[Opening SOURCE DATA section]

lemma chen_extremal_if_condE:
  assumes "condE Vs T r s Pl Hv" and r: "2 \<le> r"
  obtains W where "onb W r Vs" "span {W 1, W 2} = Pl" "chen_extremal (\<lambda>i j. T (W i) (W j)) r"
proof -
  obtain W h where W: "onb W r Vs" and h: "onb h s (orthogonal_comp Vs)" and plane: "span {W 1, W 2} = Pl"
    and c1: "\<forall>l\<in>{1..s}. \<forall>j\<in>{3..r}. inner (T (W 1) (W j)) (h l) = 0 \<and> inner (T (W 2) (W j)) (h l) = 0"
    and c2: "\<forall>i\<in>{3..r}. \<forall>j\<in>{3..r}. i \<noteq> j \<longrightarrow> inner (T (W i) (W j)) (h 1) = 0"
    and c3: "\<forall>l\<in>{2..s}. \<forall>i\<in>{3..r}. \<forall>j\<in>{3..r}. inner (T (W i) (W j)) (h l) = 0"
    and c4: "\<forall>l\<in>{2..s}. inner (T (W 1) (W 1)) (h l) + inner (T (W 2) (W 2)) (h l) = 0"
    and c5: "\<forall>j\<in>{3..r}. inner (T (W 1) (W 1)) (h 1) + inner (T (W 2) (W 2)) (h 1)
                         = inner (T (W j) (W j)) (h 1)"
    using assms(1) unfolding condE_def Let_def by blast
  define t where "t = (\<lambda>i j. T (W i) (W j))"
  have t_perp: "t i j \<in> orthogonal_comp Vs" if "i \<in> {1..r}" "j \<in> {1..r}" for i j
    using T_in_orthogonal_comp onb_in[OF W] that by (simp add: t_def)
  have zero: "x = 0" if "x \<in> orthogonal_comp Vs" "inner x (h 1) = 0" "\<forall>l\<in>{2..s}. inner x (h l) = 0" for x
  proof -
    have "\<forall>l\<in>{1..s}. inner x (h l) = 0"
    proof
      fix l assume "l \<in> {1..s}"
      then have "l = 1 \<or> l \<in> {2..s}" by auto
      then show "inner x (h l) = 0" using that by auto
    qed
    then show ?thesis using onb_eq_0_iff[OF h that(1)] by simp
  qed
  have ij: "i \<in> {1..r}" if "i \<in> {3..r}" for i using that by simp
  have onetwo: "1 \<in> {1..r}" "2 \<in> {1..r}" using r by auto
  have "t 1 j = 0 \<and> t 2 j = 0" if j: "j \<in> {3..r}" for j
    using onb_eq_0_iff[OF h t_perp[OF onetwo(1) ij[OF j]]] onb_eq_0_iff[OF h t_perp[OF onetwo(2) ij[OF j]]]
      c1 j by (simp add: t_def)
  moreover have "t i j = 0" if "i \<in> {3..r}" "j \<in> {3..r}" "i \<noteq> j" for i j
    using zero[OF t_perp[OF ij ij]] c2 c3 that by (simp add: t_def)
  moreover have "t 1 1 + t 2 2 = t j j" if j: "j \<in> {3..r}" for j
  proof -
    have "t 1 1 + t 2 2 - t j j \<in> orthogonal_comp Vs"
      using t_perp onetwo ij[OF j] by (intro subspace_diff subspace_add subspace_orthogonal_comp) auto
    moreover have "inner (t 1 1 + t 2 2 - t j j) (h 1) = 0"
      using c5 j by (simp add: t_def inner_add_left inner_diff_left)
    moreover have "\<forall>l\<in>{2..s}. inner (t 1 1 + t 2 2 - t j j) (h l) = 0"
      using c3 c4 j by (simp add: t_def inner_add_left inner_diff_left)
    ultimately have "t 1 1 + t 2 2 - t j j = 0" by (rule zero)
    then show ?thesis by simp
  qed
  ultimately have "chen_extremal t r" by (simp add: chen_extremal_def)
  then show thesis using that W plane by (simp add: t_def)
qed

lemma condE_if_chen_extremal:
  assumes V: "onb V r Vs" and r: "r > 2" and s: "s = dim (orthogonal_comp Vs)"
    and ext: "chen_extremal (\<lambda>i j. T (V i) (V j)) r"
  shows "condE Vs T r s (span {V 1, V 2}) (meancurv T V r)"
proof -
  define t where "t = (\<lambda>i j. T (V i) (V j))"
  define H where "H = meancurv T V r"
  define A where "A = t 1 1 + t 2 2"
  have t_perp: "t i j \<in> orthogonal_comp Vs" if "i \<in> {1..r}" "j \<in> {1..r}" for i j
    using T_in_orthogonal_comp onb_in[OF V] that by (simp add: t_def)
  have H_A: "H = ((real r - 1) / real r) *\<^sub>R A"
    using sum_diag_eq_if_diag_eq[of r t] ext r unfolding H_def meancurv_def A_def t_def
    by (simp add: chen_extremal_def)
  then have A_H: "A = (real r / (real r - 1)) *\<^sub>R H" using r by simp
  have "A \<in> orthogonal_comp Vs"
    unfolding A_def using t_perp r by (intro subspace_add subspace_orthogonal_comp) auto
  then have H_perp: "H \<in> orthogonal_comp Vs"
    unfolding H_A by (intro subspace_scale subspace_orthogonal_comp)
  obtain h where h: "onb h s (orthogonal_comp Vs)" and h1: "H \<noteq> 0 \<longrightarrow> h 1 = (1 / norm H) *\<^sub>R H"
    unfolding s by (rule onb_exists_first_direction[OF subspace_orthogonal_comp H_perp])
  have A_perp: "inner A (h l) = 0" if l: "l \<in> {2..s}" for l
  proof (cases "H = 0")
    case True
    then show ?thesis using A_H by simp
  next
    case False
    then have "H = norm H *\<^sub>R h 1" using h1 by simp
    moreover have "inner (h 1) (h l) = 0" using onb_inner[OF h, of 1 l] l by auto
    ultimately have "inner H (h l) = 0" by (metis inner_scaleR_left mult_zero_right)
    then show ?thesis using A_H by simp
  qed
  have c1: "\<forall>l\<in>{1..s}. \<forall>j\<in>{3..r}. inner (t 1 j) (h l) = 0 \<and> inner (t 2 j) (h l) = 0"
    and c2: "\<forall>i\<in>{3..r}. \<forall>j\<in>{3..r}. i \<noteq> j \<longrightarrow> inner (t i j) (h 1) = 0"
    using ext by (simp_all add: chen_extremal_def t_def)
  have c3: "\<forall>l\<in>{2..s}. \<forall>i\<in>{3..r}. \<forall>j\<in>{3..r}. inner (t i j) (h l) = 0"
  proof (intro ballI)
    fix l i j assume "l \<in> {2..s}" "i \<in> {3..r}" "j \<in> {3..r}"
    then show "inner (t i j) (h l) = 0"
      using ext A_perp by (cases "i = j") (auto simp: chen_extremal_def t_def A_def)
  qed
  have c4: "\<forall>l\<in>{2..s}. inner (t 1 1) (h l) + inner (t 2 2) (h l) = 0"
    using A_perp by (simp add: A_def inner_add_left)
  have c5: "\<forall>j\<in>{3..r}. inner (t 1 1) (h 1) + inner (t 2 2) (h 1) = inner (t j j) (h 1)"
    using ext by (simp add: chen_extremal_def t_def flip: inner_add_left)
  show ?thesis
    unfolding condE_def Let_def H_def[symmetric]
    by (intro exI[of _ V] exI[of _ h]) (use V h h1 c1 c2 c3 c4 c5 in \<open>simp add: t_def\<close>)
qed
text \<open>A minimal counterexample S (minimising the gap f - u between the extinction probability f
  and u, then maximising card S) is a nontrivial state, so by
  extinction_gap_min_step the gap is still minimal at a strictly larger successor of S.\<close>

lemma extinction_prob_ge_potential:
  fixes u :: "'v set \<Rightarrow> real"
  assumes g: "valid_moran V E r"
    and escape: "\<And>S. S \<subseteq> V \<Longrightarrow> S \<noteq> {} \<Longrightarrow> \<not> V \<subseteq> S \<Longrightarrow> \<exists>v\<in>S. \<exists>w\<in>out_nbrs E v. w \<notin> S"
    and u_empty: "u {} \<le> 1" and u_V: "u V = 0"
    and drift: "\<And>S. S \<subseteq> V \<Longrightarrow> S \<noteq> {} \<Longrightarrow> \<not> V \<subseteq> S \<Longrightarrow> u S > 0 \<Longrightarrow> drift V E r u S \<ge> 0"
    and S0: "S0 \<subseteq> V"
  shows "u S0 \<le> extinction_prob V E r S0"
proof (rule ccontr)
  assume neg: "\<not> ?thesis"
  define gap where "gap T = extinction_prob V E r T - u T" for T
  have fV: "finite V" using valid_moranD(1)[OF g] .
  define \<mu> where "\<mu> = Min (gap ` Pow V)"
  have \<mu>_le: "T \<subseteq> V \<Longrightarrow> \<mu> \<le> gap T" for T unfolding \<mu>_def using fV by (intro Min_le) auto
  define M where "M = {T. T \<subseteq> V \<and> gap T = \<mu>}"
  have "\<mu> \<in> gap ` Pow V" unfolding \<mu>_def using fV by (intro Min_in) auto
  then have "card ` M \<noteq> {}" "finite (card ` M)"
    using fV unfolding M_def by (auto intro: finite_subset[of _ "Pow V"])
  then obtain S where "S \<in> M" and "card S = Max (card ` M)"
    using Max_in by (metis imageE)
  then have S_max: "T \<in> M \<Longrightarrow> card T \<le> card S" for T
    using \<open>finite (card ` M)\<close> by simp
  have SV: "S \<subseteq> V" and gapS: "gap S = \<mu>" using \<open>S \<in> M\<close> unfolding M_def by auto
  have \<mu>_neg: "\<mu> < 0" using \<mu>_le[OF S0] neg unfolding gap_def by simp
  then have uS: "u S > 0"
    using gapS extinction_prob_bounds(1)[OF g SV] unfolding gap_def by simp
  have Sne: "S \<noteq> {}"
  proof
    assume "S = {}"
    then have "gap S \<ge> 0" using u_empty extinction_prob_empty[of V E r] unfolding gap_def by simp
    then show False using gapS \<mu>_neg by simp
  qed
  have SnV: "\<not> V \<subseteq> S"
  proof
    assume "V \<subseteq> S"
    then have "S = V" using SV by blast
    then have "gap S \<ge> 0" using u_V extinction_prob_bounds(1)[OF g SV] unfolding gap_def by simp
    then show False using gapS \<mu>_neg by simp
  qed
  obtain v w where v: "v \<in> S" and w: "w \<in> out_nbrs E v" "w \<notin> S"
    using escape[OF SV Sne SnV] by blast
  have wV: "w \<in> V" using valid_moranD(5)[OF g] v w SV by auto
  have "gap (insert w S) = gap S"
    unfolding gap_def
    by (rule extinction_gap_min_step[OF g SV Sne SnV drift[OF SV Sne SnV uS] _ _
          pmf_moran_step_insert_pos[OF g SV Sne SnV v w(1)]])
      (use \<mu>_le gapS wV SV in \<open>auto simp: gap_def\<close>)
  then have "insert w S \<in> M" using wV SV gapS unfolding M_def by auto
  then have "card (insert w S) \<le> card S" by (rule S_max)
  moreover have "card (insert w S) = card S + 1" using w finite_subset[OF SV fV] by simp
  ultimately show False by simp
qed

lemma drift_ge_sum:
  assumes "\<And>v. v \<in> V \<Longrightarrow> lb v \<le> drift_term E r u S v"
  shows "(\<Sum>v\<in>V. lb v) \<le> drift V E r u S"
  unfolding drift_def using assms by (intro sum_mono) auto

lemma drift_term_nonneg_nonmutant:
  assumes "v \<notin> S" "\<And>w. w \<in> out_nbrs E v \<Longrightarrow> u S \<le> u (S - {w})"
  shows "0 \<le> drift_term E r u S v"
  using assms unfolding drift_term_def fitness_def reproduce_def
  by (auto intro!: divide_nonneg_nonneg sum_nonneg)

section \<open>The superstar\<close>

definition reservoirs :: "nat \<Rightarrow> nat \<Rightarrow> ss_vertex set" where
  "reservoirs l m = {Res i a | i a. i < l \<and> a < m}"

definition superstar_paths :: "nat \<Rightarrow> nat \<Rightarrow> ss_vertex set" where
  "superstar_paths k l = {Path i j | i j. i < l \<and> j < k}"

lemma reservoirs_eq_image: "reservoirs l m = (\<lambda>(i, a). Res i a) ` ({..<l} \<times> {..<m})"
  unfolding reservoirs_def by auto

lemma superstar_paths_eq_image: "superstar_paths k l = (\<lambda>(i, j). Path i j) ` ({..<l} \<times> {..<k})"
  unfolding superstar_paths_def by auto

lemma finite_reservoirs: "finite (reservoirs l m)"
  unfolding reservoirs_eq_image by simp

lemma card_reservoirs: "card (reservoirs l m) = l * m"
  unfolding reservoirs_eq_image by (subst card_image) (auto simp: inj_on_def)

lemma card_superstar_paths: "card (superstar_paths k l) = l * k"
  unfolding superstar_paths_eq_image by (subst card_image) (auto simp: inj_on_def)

[Closing SOURCE DATA section]

Set down, exactly as they stand above, the lines starting with the line with "using r by simp" and going on through the line with "(metis inner_scaleR_left mult_zero_right)", and no others.

  then have A_H: "A = (real r / (real r - 1)) *\<^sub>R H" using r by simp
  have "A \<in> orthogonal_comp Vs"
    unfolding A_def using t_perp r by (intro subspace_add subspace_orthogonal_comp) auto
  then have H_perp: "H \<in> orthogonal_comp Vs"
    unfolding H_A by (intro subspace_scale subspace_orthogonal_comp)
  obtain h where h: "onb h s (orthogonal_comp Vs)" and h1: "H \<noteq> 0 \<longrightarrow> h 1 = (1 / norm H) *\<^sub>R H"
    unfolding s by (rule onb_exists_first_direction[OF subspace_orthogonal_comp H_perp])
  have A_perp: "inner A (h l) = 0" if l: "l \<in> {2..s}" for l
  proof (cases "H = 0")
    case True
    then show ?thesis using A_H by simp
  next
    case False
    then have "H = norm H *\<^sub>R h 1" using h1 by simp
    moreover have "inner (h 1) (h l) = 0" using onb_inner[OF h, of 1 l] l by auto
    ultimately have "inner H (h l) = 0" by (metis inner_scaleR_left mult_zero_right)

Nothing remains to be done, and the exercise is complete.